С первого взгляда и первых минут пребывания в зале выставка может показаться разрозненной, составленной из экспонатов, подобранных «по теме» и демонстрирующих скорее самих себя, чем какой-то общий концепт. В самом деле, эффектные произведения «звёздных» художников первым делом вызывают у посетителя отчаянное желание добавить новое фото в Instagram и, казалось бы, не дают стройного высказывания, даже не создают никакой «мистификации».

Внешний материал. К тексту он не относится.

lemma row_independent_invertible:
  fixes M :: "'a::field mat"
  assumes "M \<in> carrier_mat d d" "invertible_mat M"
  shows "row_independent M d d d"
  unfolding row_independent_def
proof (intro allI impI)
  fix y k assume null: "\<forall>j<d. (\<Sum>i<d. y i * M $$ (i,j)) = 0" and k: "k < d"
  obtain N where MN: "M * N = 1\<^sub>m d" and NM: "N * M = 1\<^sub>m (dim_row N)"
    using assms unfolding invertible_mat_def inverts_mat_def by auto
  have dN: "dim_col N = d" "dim_row N = d"
    using MN NM assms(1) by (metis carrier_matD(2) index_mult_mat(3) index_one_mat(3))+
  have "y k = (\<Sum>i<d. y i * (1\<^sub>m d) $$ (i,k))"
    using k by (simp add: if_distrib cong: if_cong)
  also have "\<dots> = (\<Sum>i<d. y i * (\<Sum>j<d. M $$ (i,j) * N $$ (j,k)))"
    using assms(1) k dN
    by (auto simp: MN[symmetric] scalar_prod_def atLeast0LessThan intro!: sum.cong)
  also have "\<dots> = (\<Sum>j<d. (\<Sum>i<d. y i * M $$ (i,j)) * N $$ (j,k))"
    by (simp add: sum_distrib_left sum_distrib_right mult.assoc) (rule sum.swap)
  also have "\<dots> = 0" using null by simp
  finally show "y k = 0" .
qed

lemma row_independent_nonzero_row:
  fixes M :: "'a::field mat"
  assumes "row_independent M r c t" "i < t" "i < r"
  shows "\<exists>j<c. M $$ (i,j) \<noteq> 0"
proof (rule ccontr)
  assume zero_row: "\<not> ?thesis"
  define y :: "nat \<Rightarrow> 'a" where "y i' = (if i' = i then 1 else 0)" for i'
  have "(\<Sum>i'<r. y i' * M $$ (i',j)) = M $$ (i,j)" for j
    using sum_indicator_mult[of "{..<r}" i 1 "\<lambda>i'. M $$ (i',j)"] assms(3) by (simp add: y_def)
  then have "y i = 0"
    using zero_row assms(1,2) unfolding row_independent_def by auto
  then show False by (simp add: y_def)
qed

lemma row_independent_mono:
  assumes "row_independent M r c t" "c \<le> c'" "t' \<le> t"
  shows "row_independent M r c' t'"
  unfolding row_independent_def
proof (intro allI impI)
  fix y i assume "\<forall>j<c'. (\<Sum>i<r. y i * M $$ (i,j)) = 0" "i < t'"
  then show "y i = 0"
    using assms(1)[unfolded row_independent_def, rule_format, of y i] assms(2,3) by simp
qed

lemma row_independent_block:
  fixes M X :: "'a::field mat"
  assumes X: "X \<in> carrier_mat t t" "invertible_mat X" and "t \<le> r"
    and block: "\<forall>i<t. \<forall>j<t. M $$ (i, s+j) = X $$ (i,j)"
    and below: "\<forall>i<r. \<forall>j<t. t \<le> i \<longrightarrow> M $$ (i, s+j) = 0"
  shows "row_independent M r (s+t) t"
  unfolding row_independent_def
proof (rule allI, rule impI)
  fix y assume null: "\<forall>j<s+t. (\<Sum>i<r. y i * M $$ (i,j)) = 0"
  have "(\<Sum>i<t. y i * X $$ (i,j)) = 0" if "j < t" for j
  proof -
    have "(\<Sum>i<r. y i * M $$ (i,s+j)) = (\<Sum>i<r. if i < t then y i * X $$ (i,j) else 0)"
      using block below that by (intro sum.cong refl) auto
    also have "\<dots> = (\<Sum>i<t. y i * X $$ (i,j))" using \<open>t \<le> r\<close> by (rule sum_lessThan_if_less)
    finally show ?thesis using null that by simp
  qed
  then show "\<forall>i<t. y i = 0"
    using row_independent_invertible[OF X] unfolding row_independent_def by blast
qed

lemma row_independent_block_triangular:
  fixes M Z :: "'a::field mat"
  assumes top: "row_independent M (p+q) p p"
    and Z: "Z \<in> carrier_mat q q" "invertible_mat Z"
    and block: "\<forall>i<q. \<forall>j<q. M $$ (p+i, p+j) = Z $$ (i,j)"
  shows "row_independent M (p+q) (p+q) (p+q)"
  unfolding row_independent_def
proof (intro allI impI)
  fix y k assume null: "\<forall>j<p+q. (\<Sum>i<p+q. y i * M $$ (i,j)) = 0" and k: "k < p+q"
  have y_top: "y i = 0" if "i < p" for i
    using top[unfolded row_independent_def, rule_format, of y i] null that by simp
  have "(\<Sum>i<q. y (p+i) * Z $$ (i,j)) = 0" if "j < q" for j
  proof -
    have "(\<Sum>i<p+q. y i * M $$ (i,p+j)) = (\<Sum>i<q. y (p+i) * M $$ (p+i,p+j))"
      using y_top by (simp add: sum_lessThan_add)
    also have "\<dots> = (\<Sum>i<q. y (p+i) * Z $$ (i,j))"
      using block that by simp
    finally show ?thesis using null that by simp
  qed
  then have y_bottom: "y (p+i) = 0" if "i < q" for i
    using row_independent_invertible[OF Z, unfolded row_independent_def, rule_format,
        of "\<lambda>i. y (p+i)" i] that by simp
  show "y k = 0"
  proof (cases "k < p")
    case False
    then have "k = p + (k - p)" "k - p < q" using k by auto
    then show ?thesis using y_bottom by metis
  qed (use y_top in simp)
qed
(* Let $g,h\in\mathbb{F}_q[t]$ with $g\neq 0$, and assume that $\gcd(g,h)$ is either $1$ or square-free. Then there are infinitely many monic Carmichael polynomials $f\in\mathbb{F}_q[t]$ with $f\equiv h\pmod g$.
   Context: $\mathbb{F}_q$ is the finite field with $q$ elements. A finite ring $S$ is a Carmichael ring if $S$ is not a field and $a^{|S|}=a$ for every $a\in S$. A polynomial $f\in\mathbb{F}_q[t]$ is a Carmichael polynomial if $\mathbb{F}_q[t]/(f)$ is a Carmichael ring. *)

theory Defs
  imports "HOL-Algebra.Algebraic_Closure_Type" "HOL-Computational_Algebra.Computational_Algebra"
begin

definition carmichael_ring :: "('b, 'c) ring_scheme \<Rightarrow> bool" where
  "carmichael_ring S \<longleftrightarrow> finite (carrier S) \<and> \<not> field S \<and>
     (\<forall>a \<in> carrier S. a [^]\<^bsub>S\<^esub> card (carrier S) = a)"

abbreviation poly_ring_of :: "'a::field poly ring" where
  "poly_ring_of \<equiv> ring_of_type_algebra"

definition carmichael_poly :: "'a::field poly \<Rightarrow> bool" where
  "carmichael_poly f \<longleftrightarrow>
     carmichael_ring (poly_ring_of Quot (PIdl\<^bsub>poly_ring_of\<^esub> f))"

end

theory Submission
  imports Defs "HOL-Library.Cardinality"
begin

text \<open>Write \<open>q\<close> for the size of the field. If \<open>f = A * B\<close> with \<open>A\<close>, \<open>B\<close> of positive degree
  divides \<open>X^(q^n) - X\<close> for \<open>n = deg f\<close>, then in the ring \<open>F_q[X]/(f)\<close>, which has \<open>q^n\<close>
  elements and is not a field, the Frobenius identity \<open>a^(q^n) = a \<circ> X^(q^n)\<close> gives
  \<open>a^(q^n) = a\<close>: such an \<open>f\<close> is Carmichael.

  To find such polynomials in the class of \<open>h\<close> modulo \<open>g\<close>, first choose a monic squarefree
  \<open>P \<equiv> h\<close>; this is where the hypothesis on \<open>gcd g h\<close> enters. For a suitable \<open>M\<close>, \<open>P\<close> divides
  \<open>X^(q^M) - X\<close> and \<open>X^(q^E) \<equiv> X^(q^M) (mod g)\<close> for all positive multiples \<open>E\<close> of \<open>M\<close>. The
  factors \<open>X^(q^(M q^i)) - X + 1\<close> are then all congruent modulo \<open>g\<close>, pairwise coprime and
  coprime to \<open>P\<close>, and multiplying \<open>P\<close> by a well chosen set of \<open>q^M\<close>-divisible size of them gives
  a reducible seed \<open>f\<^sub>0 \<equiv> h\<close> dividing some \<open>X^(q^N) - X\<close> whose degree lies in a prescribed
  residue class. Finally \<open>f\<^sub>0 \<circ> L\<^sub>E\<close> with \<open>L\<^sub>E = (\<Sum>i\<le>q. X^(q^(E*i)))\<close> and
  \<open>E = M*q^t\<close> is congruent to \<open>f\<^sub>0\<close> modulo \<open>g\<close>, still monic and reducible, and divides
  \<open>X^(q^d) - X\<close> for its degree \<open>d\<close>; different \<open>t\<close> give different degrees.\<close>

abbreviation X\<^sub>p :: "'a::comm_ring_1 poly" where "X\<^sub>p \<equiv> [:0, 1:]"

section \<open>Finite fields and the Frobenius map\<close>

lemma ring_of_type_algebra_simps [simp]:
  "carrier (ring_of_type_algebra :: 'a::ring_1 ring) = UNIV"
  "x \<otimes>\<^bsub>ring_of_type_algebra\<^esub> y = x * y"
  "x \<oplus>\<^bsub>ring_of_type_algebra\<^esub> y = x + y"
  "\<zero>\<^bsub>ring_of_type_algebra\<^esub> = 0"
  "\<one>\<^bsub>ring_of_type_algebra\<^esub> = 1"
  by (simp_all add: ring_of_type_algebra_def)

lemma ring_of_type_algebra_pow [simp]:
  "x [^]\<^bsub>(ring_of_type_algebra :: 'a::comm_ring_1 ring)\<^esub> (n::nat) = x ^ n"
  by (induction n) (simp_all add: mult.commute)

lemma power_card_eq_self:
  fixes x :: "'a::{finite,field}"
  shows "x ^ CARD('a) = x"
proof (cases "x = 0")
  case False
  let ?R = "ring_of_type_algebra :: 'a ring"
  interpret field ?R
    by (rule field_from_type_algebra)
  have fin: "finite (carrier ?R)" and x: "x \<in> carrier (Multiplicative_Group.mult_of ?R)"
    using False by simp_all
  have "x [^]\<^bsub>Multiplicative_Group.mult_of ?R\<^esub> Coset.order (Multiplicative_Group.mult_of ?R)
      = \<one>\<^bsub>Multiplicative_Group.mult_of ?R\<^esub>"
    by (rule group.pow_order_eq_1[OF field_mult_group x])
  then have "x [^]\<^bsub>?R\<^esub> (Coset.order ?R - 1) = \<one>\<^bsub>?R\<^esub>"
    by (simp only: Multiplicative_Group.nat_pow_mult_of Multiplicative_Group.one_mult_of
        order_mult_of[OF fin])
  then have "x ^ (CARD('a) - 1) = 1"
    by (simp add: Coset.order_def)
  moreover have "CARD('a) = Suc (CARD('a) - 1)"
    by simp
  ultimately show ?thesis
    by (metis mult.right_neutral power_Suc)
qed simp

lemma card_ge_2: "CARD('a::{finite,field}) \<ge> 2"
proof -
  have "card {0::'a, 1} \<le> CARD('a)"
    by (intro card_mono) auto
  then show ?thesis
    by simp
qed

lemma X_power_eq_monom: "(X\<^sub>p :: 'a::comm_ring_1 poly) ^ n = monom 1 n"
  by (simp add: monom_altdef)

lemma degree_X_power [simp]: "degree ((X\<^sub>p :: 'a::{comm_ring_1,zero_neq_one} poly) ^ n) = n"
  by (simp add: X_power_eq_monom degree_monom_eq)

lemma lead_coeff_X_power [simp]: "lead_coeff ((X\<^sub>p :: 'a::{comm_ring_1,zero_neq_one} poly) ^ n) = 1"
  by (simp add: X_power_eq_monom degree_monom_eq)

text \<open>Both sides have degree \<open>q\<close> and agree at all \<open>q\<close> points of the field, so their
  difference, of degree \<open>< q\<close>, vanishes.\<close>
lemma X_plus_1_power_card:
  "([:1, 1:] :: 'a::{finite,field} poly) ^ CARD('a) = X\<^sub>p ^ CARD('a) + 1"
proof (rule ccontr)
  let ?q = "CARD('a)"
  define D :: "'a poly" where "D = [:1, 1:] ^ ?q - X\<^sub>p ^ ?q - 1"
  assume "[:1, 1:] ^ ?q \<noteq> X\<^sub>p ^ ?q + (1 :: 'a poly)"
  then have "D \<noteq> 0"
    unfolding D_def by (simp add: algebra_simps)
  have "degree D < ?q"
  proof (rule degree_lessI)
    show "D \<noteq> 0 \<or> 0 < ?q"
      using card_ge_2[where 'a='a] by auto
    have "coeff D k = 0" if "k \<ge> ?q" for k
    proof (cases "k = ?q")
      case True
      then show ?thesis
        unfolding D_def by (simp add: coeff_linear_power X_power_eq_monom)
    next
      case False
      then have "coeff ([:1, 1:] ^ ?q :: 'a poly) k = 0"
        using that by (intro coeff_eq_0) (simp add: degree_power_eq)
      then show ?thesis
        using False that unfolding D_def by (simp add: X_power_eq_monom coeff_monom)
    qed
    then show "\<forall>k\<ge>?q. coeff D k = 0"
      by blast
  qed
  moreover have "{x. poly D x = 0} = UNIV"
    unfolding D_def by (auto simp: power_card_eq_self)
  ultimately show False
    using card_poly_roots_bound[OF \<open>D \<noteq> 0\<close>] by simp
qed

lemma binomial_card_eq_0:
  assumes "0 < k" "k < CARD('a::{finite,field})"
  shows "(of_nat (CARD('a) choose k) :: 'a) = 0"
proof -
  have "coeff ([:1, 1:] ^ CARD('a) :: 'a poly) k = of_nat (CARD('a) choose k)"
    using assms by (subst coeff_linear_poly_power) auto
  moreover have "coeff (X\<^sub>p ^ CARD('a) + 1 :: 'a poly) k = 0"
    using assms by (simp add: X_power_eq_monom coeff_monom)
  ultimately show ?thesis
    using X_plus_1_power_card by metis
qed

lemma of_nat_card_eq_0: "(of_nat CARD('a::{finite,field}) :: 'a) = 0"
  using binomial_card_eq_0[of 1, where 'a='a] card_ge_2[where 'a='a] by simp

lemma of_nat_card_eq_0_poly: "(of_nat CARD('a::{finite,field}) :: 'a poly) = 0"
  by (simp add: of_nat_poly of_nat_card_eq_0)

lemma pderiv_power_card [simp]:
  fixes p :: "'a::{finite,field} poly"
  shows "pderiv (p ^ CARD('a)) = 0"
  by (simp add: pderiv_power of_nat_card_eq_0)

lemma frobenius_add:
  fixes x y :: "'a::{finite,field} poly"
  shows "(x + y) ^ CARD('a) = x ^ CARD('a) + y ^ CARD('a)"
proof -
  let ?q = "CARD('a)"
  have "(x + y) ^ ?q = (\<Sum>k\<le>?q. of_nat (?q choose k) * x ^ k * y ^ (?q - k))"
    by (rule binomial_ring)
  also have "\<dots> = (\<Sum>k\<in>{0, ?q}. of_nat (?q choose k) * x ^ k * y ^ (?q - k))"
    by (intro sum.mono_neutral_right ballI) (auto simp: of_nat_poly binomial_card_eq_0)
  also have "\<dots> = x ^ ?q + y ^ ?q"
    using card_ge_2[where 'a='a] by (simp add: add_ac)
  finally show ?thesis .
qed

lemma frobenius_pow_add:
  fixes x y :: "'a::{finite,field} poly"
  shows "(x + y) ^ (CARD('a) ^ k) = x ^ (CARD('a) ^ k) + y ^ (CARD('a) ^ k)"
  by (induction k) (simp_all add: power_Suc2 power_mult frobenius_add del: power_Suc)

lemma frobenius_pow_diff:
  fixes x y :: "'a::{finite,field} poly"
  shows "(x - y) ^ (CARD('a) ^ k) = x ^ (CARD('a) ^ k) - y ^ (CARD('a) ^ k)"
  using frobenius_pow_add[of "x - y" y k] by (simp add: algebra_simps)

lemma frobenius_pow_sum:
  fixes f :: "'b \<Rightarrow> 'a::{finite,field} poly"
  shows "(sum f A) ^ (CARD('a) ^ k) = (\<Sum>i\<in>A. f i ^ (CARD('a) ^ k))"
  by (induction A rule: infinite_finite_induct) (auto simp: frobenius_pow_add)

lemma frobenius_pow_const:
  "([:c:] :: 'a::{finite,field} poly) ^ (CARD('a) ^ k) = [:c:]"
proof -
  have "c ^ (CARD('a) ^ k) = c"
    by (induction k) (simp_all add: power_mult power_card_eq_self mult.commute[of _ "CARD('a)"])
  then show ?thesis
    by (simp add: poly_const_pow)
qed

lemma frobenius_pow_eq_pcompose:
  fixes a :: "'a::{finite,field} poly"
  shows "a ^ (CARD('a) ^ k) = a \<circ>\<^sub>p (X\<^sub>p ^ (CARD('a) ^ k))"
proof (induction a)
  case (pCons c p)
  have "pCons c p ^ (CARD('a) ^ k) = ([:c:] + X\<^sub>p * p) ^ (CARD('a) ^ k)"
    by simp
  also have "\<dots> = [:c:] + X\<^sub>p ^ (CARD('a) ^ k) * (p \<circ>\<^sub>p X\<^sub>p ^ (CARD('a) ^ k))"
    by (simp only: frobenius_pow_add frobenius_pow_const power_mult_distrib pCons.IH)
  finally show ?case
    by (simp add: pcompose_pCons)
qed (simp add: power_0_left)

lemma dvd_pcompose_cong:
  fixes m :: "'a::comm_ring_1 poly"
  assumes "m dvd a - b"
  shows "m dvd p \<circ>\<^sub>p a - p \<circ>\<^sub>p b"
proof (induction p)
  case (pCons c p)
  have "pCons c p \<circ>\<^sub>p a - pCons c p \<circ>\<^sub>p b = a * (p \<circ>\<^sub>p a - p \<circ>\<^sub>p b) + (a - b) * (p \<circ>\<^sub>p b)"
    by (simp add: pcompose_pCons algebra_simps)
  then show ?case
    using pCons assms by simp
qed simp

lemma degree_mult_pos:
  fixes A B :: "'a::idom poly"
  assumes "degree A > 0" "degree B > 0"
  shows "degree (A * B) > 0"
proof -
  have "A \<noteq> 0" "B \<noteq> 0"
    using assms by auto
  then show ?thesis
    using assms by (simp add: degree_mult_eq)
qed

section \<open>A sufficient condition for Carmichael polynomials\<close>

lemma card_poly_coeff_vanishing:
  "card {p :: 'a::{finite,zero} poly. \<forall>i\<ge>n. coeff p i = 0} = CARD('a) ^ n"
proof (induction n)
  case 0
  have "{p :: 'a poly. \<forall>i\<ge>0. coeff p i = 0} = {0}"
    by (auto simp: poly_eq_iff)
  then show ?case
    by simp
next
  case (Suc n)
  let ?S = "\<lambda>n. {p :: 'a poly. \<forall>i\<ge>n. coeff p i = 0}"
  have "?S (Suc n) = (\<lambda>(a, p). pCons a p) ` (UNIV \<times> ?S n)"
  proof (intro equalityI subsetI)
    fix x assume "x \<in> ?S (Suc n)"
    then show "x \<in> (\<lambda>(a, p). pCons a p) ` (UNIV \<times> ?S n)"
    proof (cases x)
      case (pCons a p)
      then show ?thesis
        using \<open>x \<in> ?S (Suc n)\<close> by (auto simp: coeff_pCons intro!: image_eqI[of _ _ "(a, p)"])
    qed
  qed (auto simp: coeff_pCons split: nat.splits)
  moreover have "inj_on (\<lambda>(a, p). pCons a p) (UNIV \<times> ?S n)"
    by (auto simp: inj_on_def)
  ultimately show ?case
    using Suc by (simp add: card_image card_cartesian_product)
qed

lemma card_degree_less:
  assumes "n > 0"
  shows "card {p :: 'a::{finite,zero} poly. degree p < n} = CARD('a) ^ n"
proof -
  have "{p :: 'a poly. degree p < n} = {p. \<forall>i\<ge>n. coeff p i = 0}"
    using assms by (auto simp: coeff_eq_0 intro!: degree_lessI)
  then show ?thesis
    by (simp add: card_poly_coeff_vanishing)
qed

lemma finite_degree_less: "finite {p :: 'a::{finite,zero} poly. degree p < n}"
  using card_degree_less[of n, where 'a='a] by (cases "n = 0") (auto intro: card_ge_0_finite)

abbreviation poly_quotient :: "'a::field poly \<Rightarrow> 'a poly set ring" where
  "poly_quotient f \<equiv> poly_ring_of Quot PIdl\<^bsub>poly_ring_of\<^esub> f"

abbreviation residue :: "'a::field poly \<Rightarrow> 'a poly \<Rightarrow> 'a poly set" where
  "residue f a \<equiv> PIdl\<^bsub>poly_ring_of\<^esub> f +>\<^bsub>poly_ring_of\<^esub> a"

lemma cgenideal_poly_ring: "PIdl\<^bsub>poly_ring_of\<^esub> f = {p :: 'a::field poly. f dvd p}"
  by (auto simp: cgenideal_def dvd_def mult.commute)

lemma rcos_poly_ring:
  "residue f a = {p :: 'a::field poly. f dvd p - a}"
proof -
  have "residue f a = (\<Union>p\<in>{p. f dvd p}. {p + a})"
    by (simp add: a_r_coset_def' cgenideal_poly_ring)
  also have "\<dots> = {p. f dvd p - a}"
    by (auto intro!: UN_I[of "_ - a"])
  finally show ?thesis .
qed

lemma rcos_poly_ring_eq_iff:
  "residue f a = residue f b
    \<longleftrightarrow> f dvd a - (b :: 'a::field poly)"
proof
  assume "residue f a = residue f b"
  then show "f dvd a - b"
    by (metis (mono_tags) dvd_0_right mem_Collect_eq rcos_poly_ring right_minus_eq)
next
  assume "f dvd a - b"
  then have "f dvd p - a \<longleftrightarrow> f dvd p - b" for p
    by (metis diff_add_cancel diff_diff_eq2 dvd_add_left_iff)
  then show "residue f a = residue f b"
    by (simp add: rcos_poly_ring)
qed
lemma card_top_row_notin:
  assumes "down_closed Z" and "finite Z"
  shows "(card {z \<in> Z. snd z = b}, b) \<notin> Z"
proof
  let ?w = "card {z \<in> Z. snd z = b}"
  assume "(?w, b) \<in> Z"
  then have "(\<lambda>i. (i, b)) ` {..?w} \<subseteq> {z \<in> Z. snd z = b}"
    using assms(1) unfolding down_closed_def by auto
  then have "card ((\<lambda>i. (i, b)) ` {..?w}) \<le> ?w"
    using assms(2) by (intro card_mono) auto
  moreover have "card ((\<lambda>i. (i, b)) ` {..?w}) = Suc ?w"
    by (subst card_image) (auto simp: inj_on_def)
  ultimately show False by simp
qed

subsection \<open>Monotonicity of the growth operator\<close>

lemma ecount_mono: "A \<subseteq> B \<Longrightarrow> ecount A \<le> ecount B"
  unfolding ecount_def by (auto intro: card_mono dest: finite_subset)

lemma ecount_image: "inj_on f S \<Longrightarrow> ecount (f ` S) = ecount S"
  unfolding ecount_def by (simp add: finite_image_iff card_image)

lemma row_mono: "A \<subseteq> B \<Longrightarrow> row x A \<le> row x B"
  unfolding row_def by (rule ecount_mono) auto

lemma col_mono: "A \<subseteq> B \<Longrightarrow> col x A \<le> col x B"
  unfolding col_def by (rule ecount_mono) auto

lemma in_zero_antimono:
  assumes "down_closed Z" and "in_zero Z r' c'" and "r \<le> r'" and "c \<le> c'"
  shows "in_zero Z r c"
proof -
  obtain i' j' where ij': "r' = enat i'" "c' = enat j'" "(i', j') \<in> Z"
    using assms(2) unfolding in_zero_def by auto
  obtain i j where ij: "r = enat i" "c = enat j"
    using assms(3,4) ij' enat_ile by blast
  have "i \<le> i'" "j \<le> j'" using assms(3,4) ij' ij by auto
  then show ?thesis using assms(1) ij' ij unfolding in_zero_def down_closed_def by blast
qed

lemma mem_T_op_if_not_in_zero:
  assumes "down_closed Z" and "\<not> in_zero Z r c" and "r \<le> row x A" and "c \<le> col x A"
  shows "x \<in> T_op Z A"
  using in_zero_antimono[OF assms(1) _ assms(3,4)] assms(2) unfolding T_op_def by blast

lemma subset_T_op: "A \<subseteq> T_op Z A"
  unfolding T_op_def by blast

Но чем дольше находишься среди этих работ, тем сильнее ощущается их суммарная сила; их «перекличка», их взаимосвязь постепенно начинает действительно искажать восприятие мира. Из работы Тони Оурслера «Овал» в пространство выставки постоянно разносится «I lost my mind…», звучат и другие обрывки фраз – то тише, то громче. И через 30–40 минут в зале начинает казаться, что эти голоса говорят в вашей голове. А растущие по краям зала такие настоящие одуванчики Тони Мателли сбивают с толку каждый раз, когда чуть не наступаешь на них, проходя около стены… Здесь нас ждёт выставка как мистерия, выставка как совокупность ритуальных мест, где художники выступают в роли своего рода наставников. Возможно, этот путь приведёт нас в конечном счёте к своего рода очищению, перерождению. Именно так считает сокуратор проекта Ирина Горлова.

Ритуальное облачение

Перед тем как начать, мы должны поменять свой обычный облик, облачиться в «странные одежды». В этом своей вариацией офорта № 26 Франсиско Гойи из серии «Капричос» нам помогает Ясумаса Моримура. Художник вольно трактует наряд девиц, просто надевая себе на голову юбку. Общая глянцевость фотографии, её «рекламный» чистый фон вкупе с изначальным сатирическим смыслом «Капричос» позволяют рассматривать эту работу как критику современного гламура.


Из коллекции ГЦСИ

 

Ритуальные атрибуты

В каждом обряде есть свои символы, атрибуты. Так как в конце мы должны переродиться, то для этого мы должны символически умереть, а это значит, что наши ритуальные атрибуты должны быть каким-то образом связаны со смертью. Они «спрятаны» в отдельной чёрной комнате. Это натюрморты Джоэла-Питера Уиткина, балансирующие на грани нашего восприятия прекрасного и ужасного. В художественном оформлении он часто опирается на образы барокко, об этом говорят светотени и наборы предметов. Некоторые работы напоминают скупые испанские натюрморты XVII века. Работа «Книжная история» (1999) близка к композиции голландского натюрморта, где центральное место занимает череп как символ Vanitas (тщеты), но здесь вместо него – голова с завязанными глазами.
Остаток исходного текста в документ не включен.